Ah! ça ira, ça ira, ça ira
les aristocrates à la lanterne!
Ah! ça ira, ça ira, ça ira
les aristocrates on les pendra!

Si on n' les pend pas
On les rompra
Si on n' les rompt pas
On les brûlera.
Ah! ça ira, ça ira, ça ira
les aristocrates à la lanterne!
Ah! ça ira, ça ira, ça ira
les aristocrates on les pendra!

Nous n'avions plus ni nobles, ni prêtres,
Ah ! ça ira, ça ira, ça ira,
L'égalité partout régnera.
L'esclave autrichien le suivra,
Ah ! ça ira, ça ira, ça ira,
Et leur infernale clique
Au diable s'envolera.
Ah! ça ira, ça ira, ça ira
les aristocrates à la lanterne!
Ah! ça ira, ça ira, ça ira
les aristocrates on les pendra!
Et quand on les aura tous pendus
On leur fichera la paille au cul,
Imbibée de pétrole, vive le son, vive le son,
Imbibée de pétrole, vive le son du canon.

Ah! It'll be fine, It'll be fine, It'll be fine
aristocrats to the lamp-post
Ah!

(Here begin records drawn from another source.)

(* In the type $\mathbb A$ setting described in the context, for all $0\le i\le m-2$, $1\le k\le m-1-i$ and $0\le j\le i$ we have $$\mu_{(\mathbf x[i],B[i])}(x_k[i])=\frac{x_{k-1}[i]+x_{k+1}[i]}{x_k[i]}=\frac{x_{k-1+j}[i-j]+x_{k+1+j}[i-j]}{x_{k+j}[i-j]},$$ where $\mu_{(\mathbf y,C)}(y_k)$ denotes the $k$th entry of the first component of $\mu_k(\mathbf y,C)$.
   Context: Let $K$ be a field of characteristic $0$ or $K=\mathbb Z$, let $n\ge1$, $m=n+1$, $p=n$, and $\mathcal F=K(X_1,\dots,X_m)$. Let $B=(b_{ij})\in M_{m,n}(\mathbb Z)$ have $b_{i,i+1}=-1$ for $1\le i\le n-1$, $b_{i+1,i}=1$ for $1\le i\le n$, and all other entries $0$ (so the last row is $(0,\dots,0,1)$). Let $\mathbf x=(x_1,\dots,x_m)$ be algebraically independent over $K$ in $\mathcal F$. For $1\le k\le n$ the mutation $\mu_k(\mathbf y,C)=(\mathbf y',C')$ of a pair $(\mathbf y,C)$ is given by $c'_{ij}=-c_{ij}$ if $i=k$ or $j=k$, and $c'_{ij}=c_{ij}+\frac{|c_{ik}|c_{kj}+c_{ik}|c_{kj}|}{2}$ otherwise; $y'_s=y_s$ for $s\neq k$ and $y'_k=y_k^{-1}\big(\prod_{c_{ik}>0}y_i^{c_{ik}}+\prod_{c_{ik}<0}y_i^{-c_{ik}}\big)$. Set $(\mathbf x[0],B[0])=(\mathbf x,B)$ and, for $1\le i\le m-1$, $(\mathbf x[i],B[i])=\mu_{m-i}\cdots\mu_2\mu_1(\mathbf x[i-1],B[i-1])$ (apply $\mu_1$ first). Write $\mathbf x[i]=(x_1[i],\dots,x_m[i])$ and use the conventions $x_0[i]=1$, $x_{-1}[i]=0$ for all $i$. *)

theory Defs
  imports Main
begin

definition is_subfield :: "'a::field set \<Rightarrow> bool" where
  "is_subfield K \<longleftrightarrow> 0 \<in> K \<and> 1 \<in> K \<and>
     (\<forall>a\<in>K. \<forall>b\<in>K. a + b \<in> K \<and> a - b \<in> K \<and> a * b \<in> K) \<and>
     (\<forall>a\<in>K. inverse a \<in> K)"

text \<open>A polynomial is a finite set S of exponent
  vectors (supported in {1..m}) together with coefficients c.\<close>
definition alg_indep :: "'a::field set \<Rightarrow> nat \<Rightarrow> (nat \<Rightarrow> 'a) \<Rightarrow> bool" where
  "alg_indep K m x \<longleftrightarrow>
     (\<forall>S c. finite S \<longrightarrow> (\<forall>\<alpha>\<in>S. \<forall>i. i \<notin> {1..m} \<longrightarrow> \<alpha> i = 0) \<longrightarrow>
        (\<forall>\<alpha>\<in>S. c \<alpha> \<in> K) \<longrightarrow>
        (\<Sum>\<alpha>\<in>S. c \<alpha> * (\<Prod>i\<in>{1..m}. x i ^ \<alpha> i)) = 0 \<longrightarrow>
        (\<forall>\<alpha>\<in>S. c \<alpha> = 0))"
(* (1) The map $I \mapsto \underline{M}(I)$ is a bijection between tropical ideals $I \subset \mathbb{B}[x_1^{\pm1},\dots,x_n^{\pm1}]$ and finitary matroids on $\mathbb{Z}^n$ that are invariant under the action of $\mathbb{Z}^n$ by translation. (2) Consequently, for every $d\ge 1$, the map $I \mapsto \mathcal{H}(\underline{M}(I))$ is a bijection between paving tropical ideals of degree $d+1$ in $\mathbb{B}[x_1^{\pm1},\dots,x_n^{\pm1}]$ and $d$-partitions of $\mathbb{Z}^n$ that are invariant under the action of $\mathbb{Z}^n$.
   Context: The Boolean semiring is $\mathbb{B}=\{\infty,0\}$ with addition $\oplus=\min$ and multiplication $+$. For $f=\bigoplus_{\mathbf u\in\mathbb{Z}^n} c_{\mathbf u}\mathbf x^{\mathbf u}\in\mathbb{B}[x_1^{\pm1},\dots,x_n^{\pm1}]$, $\operatorname{supp}(f)=\{\mathbf u: c_{\mathbf u}\neq\infty\}$. An ideal $I$ is a tropical ideal if for all $f,g\in I$ and $\mathbf u\in\operatorname{supp}(f)\cap\operatorname{supp}(g)$ there is $h\in I$ with $\operatorname{supp}(f)\,\Delta\,\operatorname{supp}(g)\subset\operatorname{supp}(h)\subset(\operatorname{supp}(f)\cup\operatorname{supp}(g))\setminus\{\mathbf u\}$. The underlying matroid $\underline{M}(I)$ is the finitary matroid on $\mathbb{Z}^n$ in which a set is independent iff it contains the support of no polynomial of $I$ (its circuits are the minimal supports of polynomials in $I$). A finitary matroid on a set $E$: nonempty collection of independent sets closed under subsets, satisfying augmentation, with a set independent whenever all its finite subsets are. A tropical ideal is zero-dimensional of degree $r$ iff $\underline{M}(I)$ has finite rank $r$ (equivalent to the Hilbert-polynomial definition). A zero-dimensional tropical ideal $I$ is a paving tropical ideal if $\underline{M}(I)$ is a paving matroid, i.e. all circuits have size $\deg(I)$ or $\deg(I)+1$. A hyperplane of a finite-rank matroid $M$ is a maximal subset of rank $\operatorname{rank}(M)-1$; $\mathcal{H}(M)$ is the set of hyperplanes. A $d$-partition of a set $E$ ($|E|\ge d+1$) is a collection $\mathcal P$ of subsets (blocks) with $|\mathcal P|\ge2$, every block of size $\ge d$, and every $d$-subset of $E$ contained in exactly one block. $\mathbb{Z}^n$ acts on subsets by $\mathbf u+S=\{\mathbf u+\mathbf v:\mathbf v\in S\}$, on collections by $\mathbf u+\mathcal P=\{\mathbf u+S:S\in\mathcal P\}$, and similarly on matroids on $\mathbb{Z}^n$; invariance means fixed by every $\mathbf u\in\mathbb{Z}^n$. *)

theory Defs
  imports "HOL-Analysis.Finite_Cartesian_Product"
begin

text \<open>Exponent lattice Z^n is modelled as int^'n (n = CARD('n) >= 1).
A polynomial of B[x_1^{+-1},...,x_n^{+-1}] has all coefficients in {infinity,0};
it is therefore identified with its support, a finite subset of Z^n.
The zero polynomial (all coefficients infinity) is the empty set.
Tropical addition (min) is union of supports; tropical multiplication
(coefficientwise +, then min) gives the Minkowski sum of supports.\<close>

type_synonym 'n lpoly = "(int ^ ('n::finite)) set"

definition bpoly :: "('n::finite) lpoly \<Rightarrow> bool" where
  "bpoly f \<longleftrightarrow> finite f"

definition supp :: "('n::finite) lpoly \<Rightarrow> (int ^ 'n) set" where
  "supp f = f"

definition poly_add :: "('n::finite) lpoly \<Rightarrow> 'n lpoly \<Rightarrow> 'n lpoly" where
  "poly_add f g = f \<union> g"

definition poly_mult :: "('n::finite) lpoly \<Rightarrow> 'n lpoly \<Rightarrow> 'n lpoly" where
  "poly_mult f g = {u + v | u v. u \<in> f \<and> v \<in> g}"

definition semiring_ideal :: "('n::finite) lpoly set \<Rightarrow> bool" where
  "semiring_ideal I \<longleftrightarrow> I \<noteq> {} \<and> (\<forall>f\<in>I. bpoly f)
     \<and> (\<forall>f\<in>I. \<forall>g\<in>I. poly_add f g \<in> I)
     \<and> (\<forall>f\<in>I. \<forall>g. bpoly g \<longrightarrow> poly_mult g f \<in> I)"

definition tropical_ideal :: "('n::finite) lpoly set \<Rightarrow> bool" where
  "tropical_ideal I \<longleftrightarrow> semiring_ideal I \<and>
     (\<forall>f\<in>I. \<forall>g\<in>I. \<forall>u \<in> supp f \<inter> supp g. \<exists>h\<in>I.
        (supp f - supp g) \<union> (supp g - supp f) \<subseteq> supp h \<and>
        supp h \<subseteq> (supp f \<union> supp g) - {u})"

text \<open>Matroids are represented by their family of independent sets.\<close>
definition finitary_matroid :: "'a set set \<Rightarrow> bool" where
  "finitary_matroid Ind \<longleftrightarrow> Ind \<noteq> {}
     \<and> (\<forall>X\<in>Ind. \<forall>Y. Y \<subseteq> X \<longrightarrow> Y \<in> Ind)
     \<and> (\<forall>X\<in>Ind. \<forall>Y\<in>Ind. finite X \<and> finite Y \<and> card X < card Y \<longrightarrow>
          (\<exists>y\<in>Y - X. insert y X \<in> Ind))
     \<and> (\<forall>X. (\<forall>F. F \<subseteq> X \<and> finite F \<longrightarrow> F \<in> Ind) \<longrightarrow> X \<in> Ind)"

definition underlying_matroid :: "('n::finite) lpoly set \<Rightarrow> (int ^ 'n) set set" where
  "underlying_matroid I = {S. \<forall>f\<in>I. supp f \<noteq> {} \<longrightarrow> \<not> supp f \<subseteq> S}"

definition translate :: "int ^ ('n::finite) \<Rightarrow> (int ^ 'n) set \<Rightarrow> (int ^ 'n) set" where
  "translate u S = (\<lambda>v. u + v) ` S"

definition translation_invariant :: "(int ^ ('n::finite)) set set \<Rightarrow> bool" where
  "translation_invariant \<C> \<longleftrightarrow> (\<forall>u. translate u ` \<C> = \<C>)"

definition circuits :: "'a set set \<Rightarrow> 'a set set" where
  "circuits Ind = {C. C \<notin> Ind \<and> (\<forall>x\<in>C. C - {x} \<in> Ind)}"
(* For every $x\in[0,1/56]$ there exists a sequence $(\tilde d_i(x))_{i\ge1}$ with each $\tilde d_i(x)\in\{0\}\cup\{1/n:n\ge1\}$ such that $$x=\sum_{i=1}^{\infty}\frac{\tilde d_i(x)}{8^i}.$$ *)

theory Defs
  imports "HOL-Analysis.Analysis"
begin

end

theory Submission
  imports Defs
begin

text \<open>A greedy expansion: from \<open>v\<^sub>0 = x\<close> repeatedly pick a digit \<open>c\<close> with
  \<open>v\<^sub>k\<^sub>+\<^sub>1 = 8 v\<^sub>k - c\<close> staying in \<open>[0, 1/56]\<close>; this is possible because on
  \<open>(1/56, 1/7]\<close> the largest unit fraction \<open>1/n \<le> y\<close> satisfies \<open>n \<ge> 7\<close> and
  \<open>y - 1/n \<le> y/n \<le> 1/56\<close> (for \<open>n = 7\<close> even \<open>y = 1/7\<close>). The remainders
  \<open>v\<^sub>k / 8\<^sup>k\<close> then tend to \<open>0\<close>.\<close>

lemma sums_of_digit_choice:
  fixes b r x :: real and S D :: "real set"
  assumes "b > 1" and bounded: "\<And>v. v \<in> S \<Longrightarrow> \<bar>v\<bar> \<le> r"
    and choice: "\<And>v. v \<in> S \<Longrightarrow> \<exists>c\<in>D. b * v - c \<in> S"
    and "x \<in> S"
  shows "\<exists>d. (\<forall>i\<ge>1. d i \<in> D) \<and> (\<lambda>i. d (Suc i) / b ^ Suc i) sums x"
proof -
  define digit where "digit v = (SOME c. c \<in> D \<and> b * v - c \<in> S)" for v
  have digit: "digit v \<in> D" "b * v - digit v \<in> S" if "v \<in> S" for v
    using someI_ex[OF choice[OF that, unfolded Bex_def]] by (simp_all add: digit_def)
  define v where "v k = ((\<lambda>u. b * u - digit u) ^^ k) x" for k
  have v_in_S: "v k \<in> S" for k
    by (induction k) (simp_all add: v_def \<open>x \<in> S\<close> digit)
  define d where "d i = digit (v (i - 1))" for i
  have v_Suc: "v (Suc k) = b * v k - d (Suc k)" for k
    by (simp add: v_def d_def)
  have partial_sums: "(\<Sum>i<k. d (Suc i) / b ^ Suc i) = x - v k / b ^ k" for k
  proof (induction k)
    case 0
    then show ?case by (simp add: v_def)
  next
    case (Suc k)
    then show ?case using \<open>b > 1\<close> by (simp add: v_Suc field_simps) (metis distrib_left)
  qed
  have "(\<lambda>k. v k / b ^ k) \<longlonglongrightarrow> 0"
  proof (rule Lim_null_comparison)
    show "\<forall>\<^sub>F k in sequentially. norm (v k / b ^ k) \<le> r * (1 / b) ^ k"
      using bounded[OF v_in_S] \<open>b > 1\<close>
      by (intro always_eventually allI) (simp add: abs_divide power_divide divide_right_mono)
    show "(\<lambda>k. r * (1 / b) ^ k) \<longlonglongrightarrow> 0"
      using \<open>b > 1\<close> by (intro tendsto_mult_right_zero LIMSEQ_power_zero) auto
  qed
  then have "(\<lambda>k. x - v k / b ^ k) \<longlonglongrightarrow> x"
    using tendsto_diff[OF tendsto_const] by fastforce
  then have "(\<lambda>i. d (Suc i) / b ^ Suc i) sums x"
    unfolding sums_def partial_sums .
  moreover have "\<forall>i\<ge>1. d i \<in> D"
    using digit(1)[OF v_in_S] by (simp add: d_def)
  ultimately show ?thesis by blast
qed

lemma unit_fraction_digit_step:
  fixes v :: real
  assumes "0 \<le> v" "v \<le> 1/56"
  shows "\<exists>c \<in> {0} \<union> {1 / real n | n. n \<ge> 1}. 8 * v - c \<in> {0..1/56}"
proof (cases "8 * v \<le> 1/56")
  case True
  then show ?thesis using assms by auto
next
  case False
  define y where "y = 8 * v"
  have y: "1/56 < y" "y \<le> 1/7" using False assms by (auto simp: y_def)
  define n where "n = nat \<lceil>1/y\<rceil>"
  have "1/y \<ge> 7" using y by (simp add: field_simps)
  then have n_ge: "real n \<ge> 1/y" and n_less: "real n < 1/y + 1" and "n \<ge> 7"
    unfolding n_def by linarith+
  have lower: "y * real n \<ge> 1" and upper: "y * real n < 1 + y"
    using n_ge n_less y by (simp_all add: field_simps)
  have "y * real n - 1 \<le> real n / 56"
  proof (cases "n = 7")
    case True
    then show ?thesis using y by simp
  next
    case False
    then have "real n \<ge> 8" using \<open>n \<ge> 7\<close> by simp
    then show ?thesis using upper y by linarith
  qed
  then have "y - 1 / real n \<in> {0..1/56}"
    using lower \<open>n \<ge> 7\<close> by (simp add: field_simps)
  moreover have "1 / real n \<in> {1 / real n | n. n \<ge> 1}"
    using \<open>n \<ge> 7\<close> by auto
  ultimately show ?thesis unfolding y_def by blast
qed

theorem lemma2p4:
  fixes x :: real
  assumes "0 \<le> x" and "x \<le> 1/56"
  shows "\<exists>d :: nat \<Rightarrow> real.
           (\<forall>i\<ge>1. d i \<in> {0} \<union> {1 / real n | n. n \<ge> 1}) \<and>
           (\<lambda>i. d (Suc i) / 8 ^ (Suc i)) sums x"
  by (rule sums_of_digit_choice[where S = "{0..1/56}" and r = "1/56"])
    (use assms unit_fraction_digit_step in auto)

end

It'll be fine, It'll be fine, It'll be fine
the aristocrats, we'll hang them!

If we don't hang them
We'll break them
If we don't break them
We'll burn them
Ah! It'll be fine, It'll be fine, It'll be fine
aristocrats to the lamp-post
Ah! It'll be fine, It'll be fine, It'll be fine
the aristocrats, we'll hang them!

We shall have no more nobles nor priests
Ah! It'll be fine, It'll be fine, It'll be fine
Equality will reign everywhere
The Austrian slave shall follow him
Ah! It'll be fine, It'll be fine, It'll be fine
And their infernal clique
Shall go to the devil
Ah! It'll be fine, It'll be fine, It'll be fine
aristocrats to the lamp-post
Ah! It'll be fine, It'll be fine, It'll be fine
the aristocrats, we'll hang them!
And when we'll have hung them all
We'll stick straw up their arse,
Soaked in oil, long live the sound, long live the sound,
Soaked in oil, long live the sound of the canon.

== Post-revolutionary use ==
The song survived past the Reign of Terror. It was forbidden in 1797 under the Directory.

The ship of the line La Couronne was renamed Ça Ira in 1792 in reference to this song.

At the 1793 Battle of Famars, the 14th Regiment of Foot (infantry), the West Yorkshire Regiment, attacked the French to the music of "Ça ira" (the colonel commenting that he would "beat the French to their own damned tune"). The regiment was later awarded the tune as a battle honour and regimental quick march. It has since been adopted by the Yorkshire Regiment.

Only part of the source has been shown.